A tecnologia por trás do Amazon Go: como funciona e o que significa para os varejistas

19 January 2017
A tecnologia por trás do Amazon Go: como funciona e o que significa para os varejistas

Seja porque você viu em suas redes sociais, leu em uma manchete de notícias ou foi uma das 7,9 milhões de pessoas que assistiram ao seu vídeo de estreia no YouTube , é provável que você já tenha ouvido falar do  Amazon Go . Em 5 de dezembro de 2016, a Amazon anunciou que estava abrindo uma loja de conveniência totalmente digitalizada de 1.800 pés quadrados (cerca de 167 m²), no estilo 'pegue e leve', levando o mundo da tecnologia à loucura.

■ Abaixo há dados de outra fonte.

theorem one_bend_grid_path_lshape:
  assumes gp: "grid_path es" and "num_bends es \<le> 1"
  shows "\<exists>s. lshape_of es s"
  using assms(2)
proof (cases rule: num_bends_le_1_cases)
  case (1 h)
  show ?thesis
  proof (cases h)
    case True
    then obtain y lo hi where "lo < hi" "set es = hseg y lo hi"
      using horizontal_grid_path[OF gp] 1 by blast
    then show ?thesis
      using lshape_of_hseg by blast
  next
    case False
    then obtain x lo hi where "lo < hi" "set es = vseg x lo hi"
      using vertical_grid_path[OF gp] 1 by blast
    then show ?thesis
      using lshape_of_vseg by blast
  qed
next
  case (2 m h)
  define A where "A = take (Suc m) es"
  define B where "B = drop (Suc m) es"
  have A: "grid_path A" "\<forall>e\<in>set A. horizontal e = h"
    unfolding A_def using gp 2 by (auto intro: grid_path_take)
  have B: "grid_path B" "\<forall>e\<in>set B. horizontal e = (\<not> h)"
    unfolding B_def using gp 2 by (auto intro: grid_path_drop)
  have meet: "es ! m \<in> set A" "es ! Suc m \<in> set B" "es ! m \<inter> es ! Suc m \<noteq> {}"
  proof -
    show "es ! m \<in> set A"
      unfolding A_def using 2(1) by (auto simp: in_set_conv_nth intro!: exI[of _ m])
    show "es ! Suc m \<in> set B"
      unfolding B_def using 2(1) by (auto simp: in_set_conv_nth intro!: exI[of _ 0])
    show "es ! m \<inter> es ! Suc m \<noteq> {}"
      using gp 2(1) unfolding grid_path_def by fastforce
  qed
  have "set es = set A \<union> set B"
    unfolding A_def B_def by (metis append_take_drop_id set_append)
  show ?thesis
  proof (cases h)
    case True
    show ?thesis
      using \<open>set es = set A \<union> set B\<close> A B True meet
      by (intro lshape_of_straight_union[OF gp]) auto
  next
    case False
    have "set es = set B \<union> set A" "es ! Suc m \<inter> es ! m \<noteq> {}"
      using \<open>set es = set A \<union> set B\<close> meet(3) by auto
    then show ?thesis
      using A B False meet(1,2)
      by (intro lshape_of_straight_union[OF gp]) auto
  qed
qed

Com a loja programada para abrir no 'início de 2017', a conversa continua; seja para elogiar a disposição da Amazon em assumir riscos e experimentar a tecnologia mais recente, ou para levantar preocupações sobre a privacidade e o suposto futuro sombrio da experiência de compra em lojas físicas, o Amazon Go chamou a atenção de entusiastas de tecnologia, varejistas e consumidores. Como uma empresa de tecnologia, estamos entusiasmados com os múltiplos usos da tecnologia em ação aqui e curiosos para ver como o futuro do varejo se desenvolve com esses tipos de avanços.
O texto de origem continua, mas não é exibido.